Code Monkey home page Code Monkey logo

Comments (13)

voodoohop avatar voodoohop commented on August 16, 2024 2

I just noticed that compute_loudness in spectral_ops.py outputs significantly lower loudness values when the sample rate is 48khz. I did not have time to figure out what is causing this, but increasing the FFT size didn't seem to help much.

from ddsp.

jesseengel avatar jesseengel commented on August 16, 2024 1

Just FYI, all the sample_rate agnostic preprocessing code should now be in, (you can check if it works for you), but we don't have a working 44kHz model up as a demo yet.

from ddsp.

jesseengel avatar jesseengel commented on August 16, 2024 1

Good catches! Yah we definitely haven't explored training many model configs at different rates yet.
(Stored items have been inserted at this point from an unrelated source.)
lemma lattice_comb_Suc:
  assumes "k \<in> {1..m}" shows "lattice_comb (n(k := Suc (n k))) = lattice_comb n + a k"
proof
  fix i
  have "(\<Sum>j\<in>{1..m}. int ((n(k := Suc (n k))) j) * a j i)
      = (\<Sum>j\<in>{1..m}. int (n j) * a j i + (if j = k then a j i else 0))"
    by (rule sum.cong) (auto simp: algebra_simps)
  then show "lattice_comb (n(k := Suc (n k))) i = (lattice_comb n + a k) i"
    using assms by (simp add: lattice_comb_def sum.distrib)
qed

definition ipart :: "nat \<Rightarrow> ('n \<Rightarrow> int) \<Rightarrow> nat" where
  "ipart k u = nat \<lfloor>coord k u\<rfloor>"

definition fpart :: "('n \<Rightarrow> int) \<Rightarrow> 'n \<Rightarrow> int" where
  "fpart u = u - lattice_comb (\<lambda>j. ipart j u)"

lemma fpart_add_lattice_comb: "fpart u + lattice_comb (\<lambda>j. ipart j u) = u"
  by (simp add: fpart_def)

lemma coord_fpart: "k \<in> {1..m} \<Longrightarrow> coord k (fpart u) = coord k u - real (ipart k u)"
  by (simp add: fpart_def coord_diff coord_lattice_comb)

lemma real_ipart: "0 \<le> coord k u \<Longrightarrow> real (ipart k u) = of_int \<lfloor>coord k u\<rfloor>"
  by (simp add: ipart_def)
(* There exists a constant $\Delta T$ (independent of $\alpha$) such that, for all sufficiently large $\alpha$, $T_{\max}\ge\frac1\lambda\big(\log\alpha-\frac1L\log\log A+\Delta T\big)$. Furthermore, for all $t\le\frac1\lambda\big(\log\alpha-\frac1L\log\log A+\Delta T\big)$, $$\Big\|\frac1\alpha e^{\lambda t}\boldsymbol{\theta}(t)-\bar{\boldsymbol{\theta}}_{\mathrm{init}}\Big\|_2=O(\alpha^{-L}\log A)\cdot e^{L\lambda t},$$ where the $O(\cdot)$ constant does not depend on $\alpha$ or $t$.
   Context: Binary classification setting. Training data $\{(\boldsymbol{x}_i,y_i)\}_{i=1}^n$, $y_i\in\{\pm1\}$. Model $f(\boldsymbol{\theta};\boldsymbol{x})$, $\boldsymbol{\theta}\in\mathbb{R}^D$, $\mathcal{C}^2$ and $L$-homogeneous in $\boldsymbol{\theta}$ for every $\boldsymbol{x}$; $f_i(\boldsymbol{\theta}):=f(\boldsymbol{\theta};\boldsymbol{x}_i)$. Fixed $\bar{\boldsymbol{\theta}}_{\mathrm{init}}$ with $f(\bar{\boldsymbol{\theta}}_{\mathrm{init}};\boldsymbol{x})=0$ for all $\boldsymbol{x}$. Loss $\mathcal{L}(\boldsymbol{\theta})=\frac1n\sum_ie^{-y_if_i(\boldsymbol{\theta})}$, $\mathcal{L}_\lambda=\mathcal{L}+\frac\lambda2\|\boldsymbol{\theta}\|_2^2$, $\lambda=\lambda(\alpha)=\Theta(\alpha^{-p})$ for a constant $p>0$. $\boldsymbol{\theta}(t)$ is the gradient flow $\frac{d\boldsymbol{\theta}}{dt}=-\nabla\mathcal{L}_\lambda(\boldsymbol{\theta})$ from $\boldsymbol{\theta}(0)=\alpha\bar{\boldsymbol{\theta}}_{\mathrm{init}}$. Assume some $\boldsymbol{h}$ satisfies $y_i\langle\nabla f_i(\bar{\boldsymbol{\theta}}_{\mathrm{init}}),\boldsymbol{h}\rangle>0$ $\forall i$; $\boldsymbol{h}^*_{\mathrm{ntk}}$ is the unit vector in the direction of the unique solution of $\min\frac12\|\boldsymbol{h}\|_2^2$ s.t. $y_i\langle\nabla f_i(\bar{\boldsymbol{\theta}}_{\mathrm{init}}),\boldsymbol{h}\rangle\ge1$, and $\gamma_{\mathrm{ntk}}:=\min_iy_i\langle\nabla f_i(\bar{\boldsymbol{\theta}}_{\mathrm{init}}),\boldsymbol{h}^*_{\mathrm{ntk}}\rangle$. $\epsilon_{\max}>0$ is a fixed constant such that $\max_{i\in[n]}\|\nabla f_i(\boldsymbol{\theta})-\nabla f_i(\bar{\boldsymbol{\theta}}_{\mathrm{init}})\|_2<\frac{\gamma_{\mathrm{ntk}}}2$ whenever $\|\boldsymbol{\theta}-\bar{\boldsymbol{\theta}}_{\mathrm{init}}\|_2<\epsilon_{\max}$. $T_{\max}:=\inf\{t\ge0:\|\frac{e^{\lambda t}}{\alpha}\boldsymbol{\theta}(t)-\bar{\boldsymbol{\theta}}_{\mathrm{init}}\|_2>\epsilon_{\max}\}$ and $A:=\frac{\alpha^{2(L-1)}}{\lambda}$. *)

theory Defs
  imports "HOL-Analysis.Analysis" "HOL-Library.Landau_Symbols"
begin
They seem like pretty straight-forward fixes, we'll try to get to them when we can.

from ddsp.

jesseengel avatar jesseengel commented on August 16, 2024

Hi Andras,

Good recommendation! This is actually something that Hanoi is currently looking into, so we're on the case :). The tying to 16kHz is actually more for CREPE f0 detection than anything else, but it's not a hard constraint. We'll just need to change the data processing pipeline and tweak some model parameters (# of harmonics, sizes of ffts).

from ddsp.

Forevian avatar Forevian commented on August 16, 2024

Hi, I just wonder if there is any progress with this? I've seen some related pull request failing tests...

from ddsp.

jesseengel avatar jesseengel commented on August 16, 2024

Thanks for the follow up. We just merged #44 which creates a data pipeline for creating datasets at arbitrary sample rates (with f0 CREPE detection still at 16kHz). We're working now on hammering out some details of training configs for higher sample rates (48kHz), and will add some details and configs to the colab notebooks when we get that figured out.

from ddsp.

Forevian avatar Forevian commented on August 16, 2024

Just wanted to add, that I have extensively tested 48 kHz training on the test branch that is waiting to be merged, and it works well (with some hyper-parameter tuning).

from ddsp.

jesseengel avatar jesseengel commented on August 16, 2024

That's great! Yah, sorry for all the delays. There's been with some COVID related bureaucracy slowing down our efforts in that direction so cool to hear that it's working for you.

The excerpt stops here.